Constructor for ArrowButton02

The constructor for this class, which is shown in Listing 2, does the following:

  • Sets the size and grid pattern of the world.
  • Instantiates the right and left arrow buttons shown in Figure 1.
  • Adds the two buttons to the world in specified locations.
  • Sets the initial background image for the world.

Listing 2. Constructor for ArrowButton02.

  public ArrowButton02(){//constructor
    super(450,450,1);
    rightArrow = new ArrowButtonManager02.RightArrow();
    leftArrow = new ArrowButtonManager02.LeftArrow();
    addObject(rightArrow,400,225);
    addObject(leftArrow,50,225);
    setBackground(new GreenfootImage("bathroom-tile.gif"));
  }//end constructor
}//end class

Except for the boldface super statement that sets the size and grid pattern of the world, the code in Listing 2 should be fairly obvious based on the method names and your prior knowledge of Java programming.

Review of the grid structure

A Greenfoot world consists of a uniform rectangular grid of square cells. The first two parameters to the super statement in Listing 2 specify the width and the height of the world respectively as measured in cells. The third parameter specifies the length of each side of each square cell in pixels. Because I specified that length as 1, each cell is a single pixel. Therefore, my world is a rectangular grid 450 pixels wide by 450 pixels high.

The origin of the grid is at the upper-left corner with positive horizontal dimensions extending to the right and positive vertical dimensions extending down.

Placement of the arrow images

Each arrow is a rectangular image 71 pixels wide and 53 pixels high with some portions being transparent. Greenfoot considers the geometric center of the rectangle to be the "handle" for the image.
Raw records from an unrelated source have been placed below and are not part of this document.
(* Let $\Gamma$ be a semigroupoid with object set $S$, $\tau\colon S\to X$ a map, and for $\gamma\in\Gamma$ let $L(\gamma)$ be the densely defined operator from $\ell^2_\tau(\Gamma;\tau(d(\gamma)))$ to $\ell^2_\tau(\Gamma;\tau(c(\gamma)))$ whose domain is the finitely supported functions, given by $L(\gamma)\delta_\beta=\delta_{\gamma\beta}$ if $c(\beta)=d(\gamma)$ and $L(\gamma)\delta_\beta=0$ otherwise. Let $m_\gamma\colon\Gamma^{d(\gamma)}\to\Gamma^{c(\gamma)}$, $m_\gamma(\alpha)=\gamma\alpha$. Then: (i) for $\beta\in\Gamma^{c(\gamma)}$, $\delta_\beta\in\mathrm{dom}\,L(\gamma)^*$ if $m_\gamma^{-1}(\{\beta\})$ is finite, while if $m_\gamma^{-1}(\{\beta\})$ is infinite then every vector of $\mathrm{dom}\,L(\gamma)^*$ is orthogonal to $\delta_\beta$; consequently $L(\gamma)$ is closable if and only if $m_\gamma^{-1}(\{\beta\})$ is finite for every $\beta\in\Gamma^{c(\gamma)}$. (ii) $L(\gamma)$ is bounded if and only if there is $N\in\mathbb N$ with $|m_\gamma^{-1}(\{\beta\})|\le N$ for all $\beta\in\Gamma^{c(\gamma)}$, and in that case $\|L(\gamma)\|\le N$. (iii) If $\Gamma$ satisfies: for every $\gamma\in\Gamma$ and $\beta\ne\beta'$ in $\Gamma^{d(\gamma)}$, $\gamma\beta\ne\gamma\beta'$, then each $L(\gamma)$ extends to a partial isometry and $(\tau;L)$ is an orthogonal representation of $\Gamma$ on $\{\ell^2_\tau(\Gamma;x)\}_{x\in X}$.
   Context: A semigroupoid $(\Gamma;S;d;c;\cdot)$ consists of nonempty sets $\Gamma,S$, maps $d,c\colon\Gamma\to S$, and for all $\alpha,\beta$ with $d(\alpha)=c(\beta)$ a product $\alpha\beta$ with $d(\alpha\beta)=d(\beta)$, $c(\alpha\beta)=c(\alpha)$, associative whenever defined; $\Gamma^s=\{\alpha:c(\alpha)=s\}$. For $x\in X$, $\ell^2_\tau(\Gamma;x)$ is the Hilbert space with orthonormal basis $\{\delta_\gamma:\gamma\in\Gamma,\ \tau(c(\gamma))=x\}$ (the zero space if this set is empty). A representation of $\Gamma$ on a family of Hilbert spaces $\{\mathcal H_x\}_{x\in X}$ with aggregation $\tau$ is a map $\Phi$ with $\Phi(\alpha)\in\mathcal B(\mathcal H_{\tau(d(\alpha))},\mathcal H_{\tau(c(\alpha))})$ and $\Phi(\alpha\beta)=\Phi(\alpha)\Phi(\beta)$ whenever $d(\alpha)=c(\beta)$; it is orthogonal if whenever $\tau(c(\alpha))=\tau(c(\beta))$ but $c(\alpha)\ne c(\beta)$, the ranges $\Phi(\alpha)\mathcal H_{\tau(d(\alpha))}$ and $\Phi(\beta)\mathcal H_{\tau(d(\beta))}$ are orthogonal. *)

theory Defs
  imports "HOL-Analysis.Analysis"
begin

definition semigroupoid ::
  "'g set \<Rightarrow> 's set \<Rightarrow> ('g \<Rightarrow> 's) \<Rightarrow> ('g \<Rightarrow> 's) \<Rightarrow> ('g \<Rightarrow> 'g \<Rightarrow> 'g) \<Rightarrow> bool" where
  "semigroupoid \<Gamma> S d c pr \<longleftrightarrow>
     \<Gamma> \<noteq> {} \<and> S \<noteq> {} \<and> d ` \<Gamma> \<subseteq> S \<and> c ` \<Gamma> \<subseteq> S \<and>
     (\<forall>\<alpha>\<in>\<Gamma>. \<forall>\<beta>\<in>\<Gamma>. d \<alpha> = c \<beta> \<longrightarrow>
        pr \<alpha> \<beta> \<in> \<Gamma> \<and> d (pr \<alpha> \<beta>) = d \<beta> \<and> c (pr \<alpha> \<beta>) = c \<alpha>) \<and>
     (\<forall>\<alpha>\<in>\<Gamma>. \<forall>\<beta>\<in>\<Gamma>. \<forall>\<gamma>\<in>\<Gamma>. d \<alpha> = c \<beta> \<and> d \<beta> = c \<gamma> \<longrightarrow>
        pr (pr \<alpha> \<beta>) \<gamma> = pr \<alpha> (pr \<beta> \<gamma>))"

definition fibre :: "'g set \<Rightarrow> ('g \<Rightarrow> 's) \<Rightarrow> 's \<Rightarrow> 'g set" where
  "fibre \<Gamma> c s = {\<alpha> \<in> \<Gamma>. c \<alpha> = s}"

definition mpre :: "'g set \<Rightarrow> ('g \<Rightarrow> 's) \<Rightarrow> ('g \<Rightarrow> 's) \<Rightarrow> ('g \<Rightarrow> 'g \<Rightarrow> 'g) \<Rightarrow> 'g \<Rightarrow> 'g \<Rightarrow> 'g set" where
  "mpre \<Gamma> d c pr \<gamma> \<beta> = {\<alpha> \<in> fibre \<Gamma> c (d \<gamma>). pr \<gamma> \<alpha> = \<beta>}"

definition ell2 :: "'g set \<Rightarrow> ('g \<Rightarrow> 's) \<Rightarrow> ('s \<Rightarrow> 'x) \<Rightarrow> 'x \<Rightarrow> ('g \<Rightarrow> complex) set" where
  "ell2 \<Gamma> c \<tau> x = {f. (\<forall>\<gamma>. f \<gamma> \<noteq> 0 \<longrightarrow> \<gamma> \<in> \<Gamma> \<and> \<tau> (c \<gamma>) = x) \<and>
                         (\<lambda>\<gamma>. (cmod (f \<gamma>))\<^sup>2) summable_on UNIV}"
Thus, the first call to the addObject method in Listing 2 causes that image to be added to the world with the center of the image being placed at a coordinate value of 400x225 pixels. The second call to the addObject method causes the other image to be placed at a coordinate value of 50x225 pixels.

Setting the background

Finally, the last statement in the constructor uses an image file named "bathroom-tile.gif" to create an object of the GreenfootImage class and uses that object to establish the initial background for the world shown in Figure 1. Note that Actor images that are added to the world, such as the arrow images in this case, always appear in front of the background image and can move around in front of the background image leaving it intact.

Setting the z-order

Although it is not an issue in this scenario, it is possible for two actors to occupy the same space and the question then arises as to which actor object will be painted on top the other. The World class provides a method named setPaintOrder that lets you specify the painting order (z-order) of actors instantiated from different classes. However, the z-order of objects of the same class cannot be specified. It appears experimentally that objects are painted on top of objects of the same class that were added to the world earlier but I don't know if you can count on that always being the case.

Operational results

It would probably be a good idea to show you some operational results before getting into the technical details of the code that produces those results. (Once again, I recommend that you run the online version and observe its behavior while you are reading this material.)

The arrow images

Each arrow button actually consists of three images as shown by the six images in Figure 3. The three images in the top row of figure 3 were used for one of the buttons and the three images in the bottom row were used for the other button.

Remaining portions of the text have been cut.